Aber auch mit Bild wäre die Hoffnung nicht sehr groß gewesen, den Täter zu ermitteln. Aber vielleicht gibt es doch andere Friedhofsbesucher, die eine Person mit der Schale zwischen Mittwochnachmittag und Donnerstagmorgen gesehen haben. Der oder die Täter mussten schließlich einige Meter über den Friedhof zurücklegen.

Anzeige bei der Polizei wird die Familie voraussichtlich nicht erstatten.

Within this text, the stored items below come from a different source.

(* Let $\Gamma$ be a numerical semigroup minimally generated by $r_0,\ldots,r_h$ with $h\ge 1$, and suppose $\Gamma$ is free with respect to the arrangement $(r_0,\ldots,r_h)$. For $k\in\{1,\ldots,h+1\}$ let $d_k=\gcd(r_0,\ldots,r_{k-1})$, and for $k\in\{1,\ldots,h\}$ let $e_k=d_k/d_{k+1}$. Then: (1) $\gcd(d_h,r_h)=1$; (2) $d_h$ divides $\mathrm F(\Gamma)+r_h$ (and consequently $d_h$ does not divide $\mathrm F(\Gamma)$); (3) $e_kr_k\in\langle r_0,\ldots,r_{k-1}\rangle$ for all $k=1,\ldots,h$; in particular $e_k\ge 2$; (4) $d_1>d_2>\cdots>d_{h+1}=1$; (5) $d_h\le \frac{\mathrm c(\Gamma)}{r_h-1}+1$; (6) $(d_h-1)(r_h-1)\ge 2^h$.
   Context: A numerical semigroup is a submonoid of $(\mathbb N,+)$ with finite complement in $\mathbb N$; it has a unique minimal generating system. $\mathrm F(\Gamma)$ is the largest integer not in $\Gamma$ ($\mathrm F(\mathbb N)=-1$) and $\mathrm c(\Gamma)=\mathrm F(\Gamma)+1$. $\langle X\rangle$ denotes the submonoid generated by $X$. Gluing: if $A$ is a set of positive integers and $A=A_1\cup A_2$ a nontrivial partition, $A$ is the gluing of $A_1$ and $A_2$ if $\mathrm{lcm}(d_1',d_2')\in\langle A_1\rangle\cap\langle A_2\rangle$ where $d_i'=\gcd(A_i)$; if $A$ is the minimal generating set of $\Gamma$, one says $\Gamma$ is the gluing of the numerical semigroups $\langle A_1/d_1'\rangle$ and $\langle A_2/d_2'\rangle$. Freeness for an arrangement $(r_0,\ldots,r_h)$ of the minimal generators is defined recursively: $\Gamma$ is free if $h=0$ (so $\Gamma=\mathbb N$, $r_0=1$), or if $h\ge1$, $\{r_0,\ldots,r_h\}$ is the gluing of $\{r_0,\ldots,r_{h-1}\}$ and $\{r_h\}$, and $\Gamma_{h-1}=\langle r_0/d_h,\ldots,r_{h-1}/d_h\rangle$ is free for the arrangement $(r_0/d_h,\ldots,r_{h-1}/d_h)$. *)

theory Defs
  imports Complex_Main
begin

inductive_set gen :: "nat set \<Rightarrow> nat set" for X :: "nat set" where
  gen_zero: "0 \<in> gen X"
| gen_add: "x \<in> X \<Longrightarrow> y \<in> gen X \<Longrightarrow> x + y \<in> gen X"

definition numerical_semigroup :: "nat set \<Rightarrow> bool" where
  "numerical_semigroup S \<longleftrightarrow> 0 \<in> S \<and> (\<forall>x\<in>S. \<forall>y\<in>S. x + y \<in> S) \<and> finite (UNIV - S)"

definition minimal_generating_system :: "nat set \<Rightarrow> nat set \<Rightarrow> bool" where
  "minimal_generating_system A S \<longleftrightarrow> gen A = S \<and> (\<forall>B. B \<subset> A \<longrightarrow> gen B \<noteq> S)"

definition frobenius :: "nat set \<Rightarrow> int" where
  "frobenius S = (if S = UNIV then -1 else int (Max (UNIV - S)))"

definition conductor :: "nat set \<Rightarrow> int" where
  "conductor S = frobenius S + 1"

definition gluing :: "nat set \<Rightarrow> nat set \<Rightarrow> nat set \<Rightarrow> bool" where
  "gluing A A1 A2 \<longleftrightarrow> (\<forall>a\<in>A. 0 < a) \<and> A = A1 \<union> A2 \<and> A1 \<inter> A2 = {} \<and>
     A1 \<noteq> {} \<and> A2 \<noteq> {} \<and>
     lcm (Gcd A1) (Gcd A2) \<in> gen A1 \<inter> gen A2"

function free_arr :: "nat list \<Rightarrow> bool" where
  "free_arr [] = False"
| "free_arr [x] = (x = 1)"
| "free_arr (x # y # zs) =
    (distinct (x # y # zs) \<and>
     numerical_semigroup (gen (set (x # y # zs))) \<and>
     minimal_generating_system (set (x # y # zs)) (gen (set (x # y # zs))) \<and>
     gluing (set (x # y # zs)) (set (butlast (x # y # zs))) {last (x # y # zs)} \<and>
     free_arr (map (\<lambda>a. a div Gcd (set (butlast (x # y # zs)))) (butlast (x # y # zs))))"
  by pat_completeness auto
termination
  by (relation "measure length") auto

end

theory Submission
  imports Defs
begin

text \<open>Write \<open>r = d\<^sub>h r' @ [a]\<close>, so that \<open>\<Gamma>\<close> is the gluing of \<open>\<langle>r'\<rangle>\<close> and \<open>\<langle>a\<rangle>\<close>
  with \<open>d\<^sub>h a \<in> d\<^sub>h \<langle>r'\<rangle>\<close> and \<open>gcd d\<^sub>h a = 1\<close>. Every element of \<open>\<Gamma>\<close> then has a
  normal form \<open>d\<^sub>h y + \<mu> a\<close> with \<open>y \<in> \<langle>r'\<rangle>\<close> and \<open>\<mu> < d\<^sub>h\<close>. Since \<open>F + a \<in> \<Gamma>\<close> but \<open>F \<notin> \<Gamma>\<close>,
  the normal form of \<open>F + a\<close> has \<open>\<mu> = 0\<close>, giving \<open>d\<^sub>h | F + a\<close>; and \<open>(d\<^sub>h - 1) a - d\<^sub>h\<close> has
  no normal form, which bounds the conductor from below by \<open>(d\<^sub>h - 1)(a - 1)\<close>.
  The remaining claims follow by induction along the arrangement: passing from
  \<open>r'\<close> to \<open>r\<close> multiplies the old generators by \<open>d\<^sub>h \<ge> 2\<close> and the new generator \<open>a\<close> is a
  non-trivial sum of old ones, so all generators are at least \<open>2\<^sup>h\<close>.\<close>

section \<open>The generated submonoid\<close>

lemma gen_generator: "x \<in> X \<Longrightarrow> x \<in> gen X"
  using gen_add[of x X 0] gen_zero by simp
(* For all $n\in\mathbb N$, \[\big((d_{T^{(n)}}(i),h_{T^{(n)}}(i)),\ i\in[n]\big)\stackrel{\mathcal L}{=}\big((d_{T_n}(\sigma(i)),h_{T_n}(\sigma(i))),\ i\in[n]\big),\] where $\sigma$ is a uniformly random permutation of $[n]$ independent of $T_n$. Consequently, jointly over all $i\in\mathbb Z$, $j\in\mathbb N$, the counts $|\{v\in[n]:d_{T_n}(v)=i,h_{T_n}(v)=j\}|$ and $|\{v\in[n]:d_{T^{(n)}}(v)=i,h_{T^{(n)}}(v)=j\}|$ have the same joint distribution.
   Context: Trees are rooted, edges directed towards the root; $d_t(v)$ is the number of children of $v$ in $t$ and $h_t(v)$ its distance to the root. $T_n$ is a random recursive tree: $T_1$ is a single root $1$, and $T_{m+1}$ is obtained from $T_m$ by attaching vertex $m+1$ to a uniformly random vertex of $[m]$, independently. Kingman's $n$-coalescent $(F_n,\dots,F_1)$ is the random sequence of forests on $[n]$ where $F_n$ has no edges and, for $2\le i\le n$, listing the trees of $F_i$ as $T^{(i)}_1,\dots,T^{(i)}_i$ in increasing order of smallest label, one chooses $\{a_i,b_i\}$ uniformly among 2-subsets of $[i]$ and an independent fair bit $\xi_i$ (independent over $i$), and obtains $F_{i-1}$ by adding an edge between the roots of $T^{(i)}_{a_i},T^{(i)}_{b_i}$ directed towards the root of $T^{(i)}_{\min(a_i,b_i)}$ if $\xi_i=1$ and towards the other root otherwise (the head becomes the root of the merged tree). $T^{(n)}$ is the unique tree of $F_1$, with its original labels in $[n]$. *)

theory Defs
  imports "HOL-Probability.Probability"
begin

text \<open>Trees and forests on the vertex set [n] = {1..n} are encoded by parent
functions t :: nat => nat: for a vertex v, t v is the head of the edge leaving v
(its parent), and t v = 0 iff v is a root.  Values outside [n] are irrelevant.\<close>

definition deg :: "nat \<Rightarrow> (nat \<Rightarrow> nat) \<Rightarrow> nat \<Rightarrow> nat" where
  "deg n t v = card {u \<in> {1..n}. t u = v}"

definition hgt :: "(nat \<Rightarrow> nat) \<Rightarrow> nat \<Rightarrow> nat" where
  "hgt t v = (LEAST k. t ((t ^^ k) v) = 0)"

definition rootof :: "(nat \<Rightarrow> nat) \<Rightarrow> nat \<Rightarrow> nat" where
  "rootof t v = (t ^^ hgt t v) v"

definition roots :: "nat \<Rightarrow> (nat \<Rightarrow> nat) \<Rightarrow> nat set" where
  "roots n t = {v \<in> {1..n}. t v = 0}"

definition minlab :: "nat \<Rightarrow> (nat \<Rightarrow> nat) \<Rightarrow> nat \<Rightarrow> nat" where
  "minlab n t r = Min {v \<in> {1..n}. rootof t v = r}"

definition ord_roots :: "nat \<Rightarrow> (nat \<Rightarrow> nat) \<Rightarrow> nat list" where
  "ord_roots n t = sort_key (minlab n t) (sorted_list_of_set (roots n t))"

Die Vermutung liegt nahe, dass das Ahornstämmchen später auf einem Friedhof in einem anderen Ort oder vielleicht in einem privaten Garten eingepflanzt wird. „Der Täter soll mit dem Stämmchen kein Glück haben“, berichtet Angelika Timmerhinrich von der Reaktion ihrer Mutter.

Sie selbst ist wie ihre Mutter noch immer fassungslos. „Der Diebstahl fügt den Menschen noch mehr Schmerz zu. Das geht nicht.“ Offen bleibt allerdings die Frage, ob der oder die Diebe sich Gedanken darüber machen, was ein Diebstahl auf einem Friedhof für die Angehörigen bedeutet.